◆ PROBLEM TO SOLVE
Find each line below where the word "symmetric" occurs, and copy it.

** STORED DATA follows **

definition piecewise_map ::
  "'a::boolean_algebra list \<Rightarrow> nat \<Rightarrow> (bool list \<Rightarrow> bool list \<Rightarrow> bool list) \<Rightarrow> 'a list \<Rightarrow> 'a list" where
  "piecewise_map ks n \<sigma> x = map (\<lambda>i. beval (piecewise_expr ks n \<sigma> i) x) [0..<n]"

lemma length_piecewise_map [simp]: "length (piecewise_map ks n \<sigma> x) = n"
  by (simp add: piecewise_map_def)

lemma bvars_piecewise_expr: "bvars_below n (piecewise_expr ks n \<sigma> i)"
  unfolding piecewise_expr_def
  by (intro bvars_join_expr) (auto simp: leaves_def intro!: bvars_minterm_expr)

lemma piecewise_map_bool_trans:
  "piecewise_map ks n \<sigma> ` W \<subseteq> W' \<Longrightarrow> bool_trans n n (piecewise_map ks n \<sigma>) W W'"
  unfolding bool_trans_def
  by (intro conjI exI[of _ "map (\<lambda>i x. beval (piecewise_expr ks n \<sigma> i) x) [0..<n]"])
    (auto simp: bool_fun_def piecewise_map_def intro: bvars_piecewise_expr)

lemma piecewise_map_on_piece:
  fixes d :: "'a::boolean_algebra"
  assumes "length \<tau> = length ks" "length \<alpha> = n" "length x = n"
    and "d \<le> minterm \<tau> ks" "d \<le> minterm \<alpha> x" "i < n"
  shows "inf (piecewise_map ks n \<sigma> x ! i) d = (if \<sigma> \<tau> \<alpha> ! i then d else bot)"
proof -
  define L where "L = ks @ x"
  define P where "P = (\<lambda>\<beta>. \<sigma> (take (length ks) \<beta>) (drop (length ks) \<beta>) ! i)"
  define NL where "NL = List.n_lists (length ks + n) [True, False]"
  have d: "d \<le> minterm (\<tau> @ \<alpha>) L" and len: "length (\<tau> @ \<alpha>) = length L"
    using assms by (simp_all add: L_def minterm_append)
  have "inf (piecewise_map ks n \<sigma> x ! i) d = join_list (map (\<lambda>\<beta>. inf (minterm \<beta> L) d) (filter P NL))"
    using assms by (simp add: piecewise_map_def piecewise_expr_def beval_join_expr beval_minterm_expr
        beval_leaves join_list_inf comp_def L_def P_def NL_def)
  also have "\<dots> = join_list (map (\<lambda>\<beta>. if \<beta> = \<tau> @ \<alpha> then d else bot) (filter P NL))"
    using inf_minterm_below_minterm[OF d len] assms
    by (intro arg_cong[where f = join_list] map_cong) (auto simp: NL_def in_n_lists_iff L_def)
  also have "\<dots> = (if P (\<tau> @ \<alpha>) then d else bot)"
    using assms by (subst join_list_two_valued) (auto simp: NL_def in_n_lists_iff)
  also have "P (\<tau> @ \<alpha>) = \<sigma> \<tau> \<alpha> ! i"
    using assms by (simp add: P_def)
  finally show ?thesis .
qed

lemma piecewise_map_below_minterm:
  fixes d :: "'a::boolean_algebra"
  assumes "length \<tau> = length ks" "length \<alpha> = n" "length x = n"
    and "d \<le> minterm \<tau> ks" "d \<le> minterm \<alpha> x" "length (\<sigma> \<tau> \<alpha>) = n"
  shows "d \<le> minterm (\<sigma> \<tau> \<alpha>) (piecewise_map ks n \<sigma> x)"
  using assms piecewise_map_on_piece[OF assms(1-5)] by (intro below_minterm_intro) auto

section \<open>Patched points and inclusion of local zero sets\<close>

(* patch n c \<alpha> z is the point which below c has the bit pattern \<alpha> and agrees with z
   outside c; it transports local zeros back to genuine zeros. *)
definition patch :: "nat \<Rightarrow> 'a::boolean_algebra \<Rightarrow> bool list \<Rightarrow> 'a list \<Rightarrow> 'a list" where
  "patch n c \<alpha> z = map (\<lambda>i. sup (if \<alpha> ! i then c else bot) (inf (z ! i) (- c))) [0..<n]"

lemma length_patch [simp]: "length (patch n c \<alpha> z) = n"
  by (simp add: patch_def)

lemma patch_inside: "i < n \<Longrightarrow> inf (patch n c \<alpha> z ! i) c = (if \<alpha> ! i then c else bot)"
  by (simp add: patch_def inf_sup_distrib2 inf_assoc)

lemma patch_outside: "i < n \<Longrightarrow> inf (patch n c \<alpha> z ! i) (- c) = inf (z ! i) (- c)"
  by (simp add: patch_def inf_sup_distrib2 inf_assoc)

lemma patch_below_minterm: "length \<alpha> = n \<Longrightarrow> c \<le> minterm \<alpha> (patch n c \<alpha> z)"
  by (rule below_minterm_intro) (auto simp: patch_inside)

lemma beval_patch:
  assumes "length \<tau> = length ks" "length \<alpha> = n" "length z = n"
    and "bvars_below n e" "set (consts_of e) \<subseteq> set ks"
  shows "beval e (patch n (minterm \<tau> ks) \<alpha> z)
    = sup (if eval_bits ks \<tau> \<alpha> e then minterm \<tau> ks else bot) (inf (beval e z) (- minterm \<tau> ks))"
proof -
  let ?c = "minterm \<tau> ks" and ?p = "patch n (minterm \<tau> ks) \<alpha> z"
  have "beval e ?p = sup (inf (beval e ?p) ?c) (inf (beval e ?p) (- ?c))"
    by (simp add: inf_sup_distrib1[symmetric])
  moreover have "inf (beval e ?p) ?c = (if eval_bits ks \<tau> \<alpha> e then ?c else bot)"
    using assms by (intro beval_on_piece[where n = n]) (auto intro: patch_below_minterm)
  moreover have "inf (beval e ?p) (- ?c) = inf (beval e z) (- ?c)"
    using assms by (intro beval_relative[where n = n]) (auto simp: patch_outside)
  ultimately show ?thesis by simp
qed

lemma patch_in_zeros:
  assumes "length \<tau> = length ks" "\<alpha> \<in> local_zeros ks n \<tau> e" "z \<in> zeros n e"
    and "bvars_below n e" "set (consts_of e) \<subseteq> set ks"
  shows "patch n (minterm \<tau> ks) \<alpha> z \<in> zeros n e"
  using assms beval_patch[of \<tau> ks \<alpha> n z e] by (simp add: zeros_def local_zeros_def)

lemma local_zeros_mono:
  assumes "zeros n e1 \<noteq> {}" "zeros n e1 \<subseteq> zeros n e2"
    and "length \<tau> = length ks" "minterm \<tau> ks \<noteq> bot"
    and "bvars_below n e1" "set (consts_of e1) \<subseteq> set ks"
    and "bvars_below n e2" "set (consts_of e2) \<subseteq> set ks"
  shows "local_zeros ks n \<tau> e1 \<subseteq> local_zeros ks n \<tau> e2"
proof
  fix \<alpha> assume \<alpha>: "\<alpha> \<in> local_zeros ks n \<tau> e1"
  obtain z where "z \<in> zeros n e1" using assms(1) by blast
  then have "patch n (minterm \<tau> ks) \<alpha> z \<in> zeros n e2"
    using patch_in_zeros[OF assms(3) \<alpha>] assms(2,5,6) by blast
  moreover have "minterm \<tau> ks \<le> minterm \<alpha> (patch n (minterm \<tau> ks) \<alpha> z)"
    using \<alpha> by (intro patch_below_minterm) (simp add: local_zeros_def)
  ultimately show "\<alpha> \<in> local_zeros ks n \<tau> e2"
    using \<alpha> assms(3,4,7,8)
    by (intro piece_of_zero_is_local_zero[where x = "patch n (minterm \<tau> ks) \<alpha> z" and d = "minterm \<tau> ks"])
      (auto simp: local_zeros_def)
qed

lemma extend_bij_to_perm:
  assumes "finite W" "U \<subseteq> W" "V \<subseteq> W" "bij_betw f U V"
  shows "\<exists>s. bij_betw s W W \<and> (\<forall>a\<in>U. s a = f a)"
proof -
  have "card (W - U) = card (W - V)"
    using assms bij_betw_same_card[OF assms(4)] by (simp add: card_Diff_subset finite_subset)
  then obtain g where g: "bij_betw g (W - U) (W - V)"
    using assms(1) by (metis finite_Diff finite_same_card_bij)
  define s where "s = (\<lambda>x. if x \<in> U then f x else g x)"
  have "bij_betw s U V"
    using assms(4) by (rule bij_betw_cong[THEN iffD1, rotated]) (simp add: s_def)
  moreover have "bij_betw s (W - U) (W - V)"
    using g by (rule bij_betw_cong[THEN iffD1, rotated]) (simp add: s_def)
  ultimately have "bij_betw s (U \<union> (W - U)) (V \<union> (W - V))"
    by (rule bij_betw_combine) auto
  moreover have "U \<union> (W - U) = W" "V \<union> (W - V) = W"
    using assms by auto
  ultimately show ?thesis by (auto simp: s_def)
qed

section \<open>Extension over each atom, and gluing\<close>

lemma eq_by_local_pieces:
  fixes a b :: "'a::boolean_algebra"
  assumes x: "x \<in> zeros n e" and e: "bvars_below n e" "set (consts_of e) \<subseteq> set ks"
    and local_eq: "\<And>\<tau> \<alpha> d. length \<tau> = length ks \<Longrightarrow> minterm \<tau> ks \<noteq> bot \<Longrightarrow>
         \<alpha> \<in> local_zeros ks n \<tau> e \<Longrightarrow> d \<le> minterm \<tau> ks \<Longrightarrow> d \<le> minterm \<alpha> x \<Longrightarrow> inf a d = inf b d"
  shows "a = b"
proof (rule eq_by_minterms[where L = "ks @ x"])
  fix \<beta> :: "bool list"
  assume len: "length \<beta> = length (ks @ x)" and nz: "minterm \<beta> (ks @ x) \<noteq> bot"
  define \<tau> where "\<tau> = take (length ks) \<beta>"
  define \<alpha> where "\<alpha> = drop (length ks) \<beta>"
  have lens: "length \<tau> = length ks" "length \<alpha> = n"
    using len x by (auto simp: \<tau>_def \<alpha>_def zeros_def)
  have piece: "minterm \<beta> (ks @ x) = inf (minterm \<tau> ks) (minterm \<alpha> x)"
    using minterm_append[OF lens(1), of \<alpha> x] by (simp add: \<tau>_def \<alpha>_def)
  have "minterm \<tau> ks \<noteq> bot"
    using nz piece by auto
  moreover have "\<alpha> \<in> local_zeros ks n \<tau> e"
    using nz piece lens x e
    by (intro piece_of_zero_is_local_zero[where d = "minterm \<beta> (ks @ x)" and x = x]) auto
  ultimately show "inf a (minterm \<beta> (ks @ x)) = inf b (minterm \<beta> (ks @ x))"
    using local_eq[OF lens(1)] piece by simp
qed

** End of STORED DATA **
** STORED DATA follows **

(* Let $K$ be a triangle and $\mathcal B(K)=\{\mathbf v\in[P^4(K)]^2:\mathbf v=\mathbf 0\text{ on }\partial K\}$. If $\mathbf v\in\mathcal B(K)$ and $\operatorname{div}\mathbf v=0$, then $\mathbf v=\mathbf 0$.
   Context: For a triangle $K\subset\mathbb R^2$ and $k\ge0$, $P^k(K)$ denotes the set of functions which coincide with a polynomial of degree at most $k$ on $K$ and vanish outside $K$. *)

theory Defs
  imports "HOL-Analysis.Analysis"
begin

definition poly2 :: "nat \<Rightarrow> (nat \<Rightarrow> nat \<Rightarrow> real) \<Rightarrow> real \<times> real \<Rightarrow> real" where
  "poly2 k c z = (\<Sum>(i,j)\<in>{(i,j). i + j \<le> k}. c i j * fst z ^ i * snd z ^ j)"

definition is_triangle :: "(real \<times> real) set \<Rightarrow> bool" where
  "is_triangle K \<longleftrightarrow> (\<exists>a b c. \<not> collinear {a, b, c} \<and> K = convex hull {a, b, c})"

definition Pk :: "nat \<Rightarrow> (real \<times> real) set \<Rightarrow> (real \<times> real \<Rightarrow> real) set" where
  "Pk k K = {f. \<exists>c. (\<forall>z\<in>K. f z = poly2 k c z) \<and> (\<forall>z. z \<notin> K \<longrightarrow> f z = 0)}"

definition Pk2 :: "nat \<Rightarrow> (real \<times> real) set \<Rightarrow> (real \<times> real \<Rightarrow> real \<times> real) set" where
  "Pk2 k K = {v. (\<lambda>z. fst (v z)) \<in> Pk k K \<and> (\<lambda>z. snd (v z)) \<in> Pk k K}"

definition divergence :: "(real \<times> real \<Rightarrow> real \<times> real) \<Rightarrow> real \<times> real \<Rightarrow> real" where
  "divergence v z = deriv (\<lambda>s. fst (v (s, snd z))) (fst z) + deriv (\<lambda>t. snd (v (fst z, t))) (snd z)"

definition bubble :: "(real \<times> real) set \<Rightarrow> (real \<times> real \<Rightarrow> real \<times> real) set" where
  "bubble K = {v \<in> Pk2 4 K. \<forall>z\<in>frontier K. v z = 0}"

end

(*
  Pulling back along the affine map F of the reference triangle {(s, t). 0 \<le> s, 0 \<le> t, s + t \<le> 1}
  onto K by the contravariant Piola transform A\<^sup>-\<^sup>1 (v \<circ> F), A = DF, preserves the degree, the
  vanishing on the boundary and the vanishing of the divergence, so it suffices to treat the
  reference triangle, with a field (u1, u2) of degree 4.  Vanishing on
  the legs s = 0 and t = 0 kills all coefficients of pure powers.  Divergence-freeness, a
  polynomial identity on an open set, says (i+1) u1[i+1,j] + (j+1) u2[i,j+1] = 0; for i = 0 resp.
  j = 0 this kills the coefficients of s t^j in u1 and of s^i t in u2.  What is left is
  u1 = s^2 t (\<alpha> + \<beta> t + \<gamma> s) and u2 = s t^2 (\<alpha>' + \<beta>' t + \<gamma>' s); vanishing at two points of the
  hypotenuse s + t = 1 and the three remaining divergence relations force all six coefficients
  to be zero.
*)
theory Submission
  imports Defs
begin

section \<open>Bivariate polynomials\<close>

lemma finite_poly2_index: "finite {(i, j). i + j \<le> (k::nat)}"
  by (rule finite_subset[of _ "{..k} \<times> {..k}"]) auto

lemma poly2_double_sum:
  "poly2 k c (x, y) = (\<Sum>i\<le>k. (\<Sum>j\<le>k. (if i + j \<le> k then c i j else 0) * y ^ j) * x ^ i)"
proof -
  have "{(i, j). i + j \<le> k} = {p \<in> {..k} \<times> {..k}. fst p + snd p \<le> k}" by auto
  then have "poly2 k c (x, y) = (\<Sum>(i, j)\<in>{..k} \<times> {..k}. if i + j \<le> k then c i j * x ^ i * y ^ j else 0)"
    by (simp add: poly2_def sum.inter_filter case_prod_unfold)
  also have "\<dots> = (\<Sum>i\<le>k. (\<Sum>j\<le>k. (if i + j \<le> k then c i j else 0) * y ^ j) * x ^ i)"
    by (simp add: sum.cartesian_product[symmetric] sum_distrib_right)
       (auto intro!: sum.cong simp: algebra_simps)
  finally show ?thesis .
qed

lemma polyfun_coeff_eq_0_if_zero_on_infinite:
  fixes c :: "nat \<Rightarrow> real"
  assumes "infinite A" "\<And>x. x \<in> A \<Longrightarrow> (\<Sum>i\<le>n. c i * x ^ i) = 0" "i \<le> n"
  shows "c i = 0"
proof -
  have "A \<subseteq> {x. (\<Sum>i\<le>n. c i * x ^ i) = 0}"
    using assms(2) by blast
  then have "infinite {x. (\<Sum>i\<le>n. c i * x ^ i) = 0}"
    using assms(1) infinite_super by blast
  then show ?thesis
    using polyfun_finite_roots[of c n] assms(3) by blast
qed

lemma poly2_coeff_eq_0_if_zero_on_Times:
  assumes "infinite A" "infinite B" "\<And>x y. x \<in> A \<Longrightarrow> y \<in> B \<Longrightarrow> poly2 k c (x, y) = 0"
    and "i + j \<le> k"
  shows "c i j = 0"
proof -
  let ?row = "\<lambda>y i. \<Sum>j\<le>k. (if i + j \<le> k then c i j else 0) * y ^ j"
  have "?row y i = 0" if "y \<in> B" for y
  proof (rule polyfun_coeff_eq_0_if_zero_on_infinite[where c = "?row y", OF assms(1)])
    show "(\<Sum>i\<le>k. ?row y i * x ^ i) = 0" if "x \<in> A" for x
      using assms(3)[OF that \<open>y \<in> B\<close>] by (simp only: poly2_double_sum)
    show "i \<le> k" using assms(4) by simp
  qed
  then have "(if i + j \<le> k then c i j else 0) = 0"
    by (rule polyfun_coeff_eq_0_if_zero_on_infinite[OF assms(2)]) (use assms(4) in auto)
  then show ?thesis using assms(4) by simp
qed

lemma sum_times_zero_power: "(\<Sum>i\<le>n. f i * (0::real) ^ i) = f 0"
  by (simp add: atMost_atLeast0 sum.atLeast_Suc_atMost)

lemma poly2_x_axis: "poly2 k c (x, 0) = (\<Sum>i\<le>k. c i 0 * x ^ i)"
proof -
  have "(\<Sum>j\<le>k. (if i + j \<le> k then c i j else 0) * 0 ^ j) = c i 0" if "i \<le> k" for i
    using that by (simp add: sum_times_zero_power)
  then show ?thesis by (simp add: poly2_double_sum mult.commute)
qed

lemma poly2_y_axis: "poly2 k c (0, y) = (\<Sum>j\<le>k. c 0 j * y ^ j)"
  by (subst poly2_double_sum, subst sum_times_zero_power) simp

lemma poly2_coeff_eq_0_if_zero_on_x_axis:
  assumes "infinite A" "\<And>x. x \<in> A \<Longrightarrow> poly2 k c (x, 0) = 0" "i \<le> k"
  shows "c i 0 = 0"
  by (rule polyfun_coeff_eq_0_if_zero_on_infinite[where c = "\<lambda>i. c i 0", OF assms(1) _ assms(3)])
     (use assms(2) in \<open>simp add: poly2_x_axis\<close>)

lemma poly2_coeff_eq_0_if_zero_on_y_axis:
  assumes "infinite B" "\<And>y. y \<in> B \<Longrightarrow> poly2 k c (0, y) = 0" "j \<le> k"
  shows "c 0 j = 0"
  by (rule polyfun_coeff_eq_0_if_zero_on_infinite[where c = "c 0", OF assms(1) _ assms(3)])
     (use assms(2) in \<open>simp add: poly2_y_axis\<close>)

** End of STORED DATA **

◆ SOLVED EXERCISE
    by (simp add: inf_sup_distrib1[symmetric])
    by (simp add: sum.cartesian_product[symmetric] sum_distrib_right)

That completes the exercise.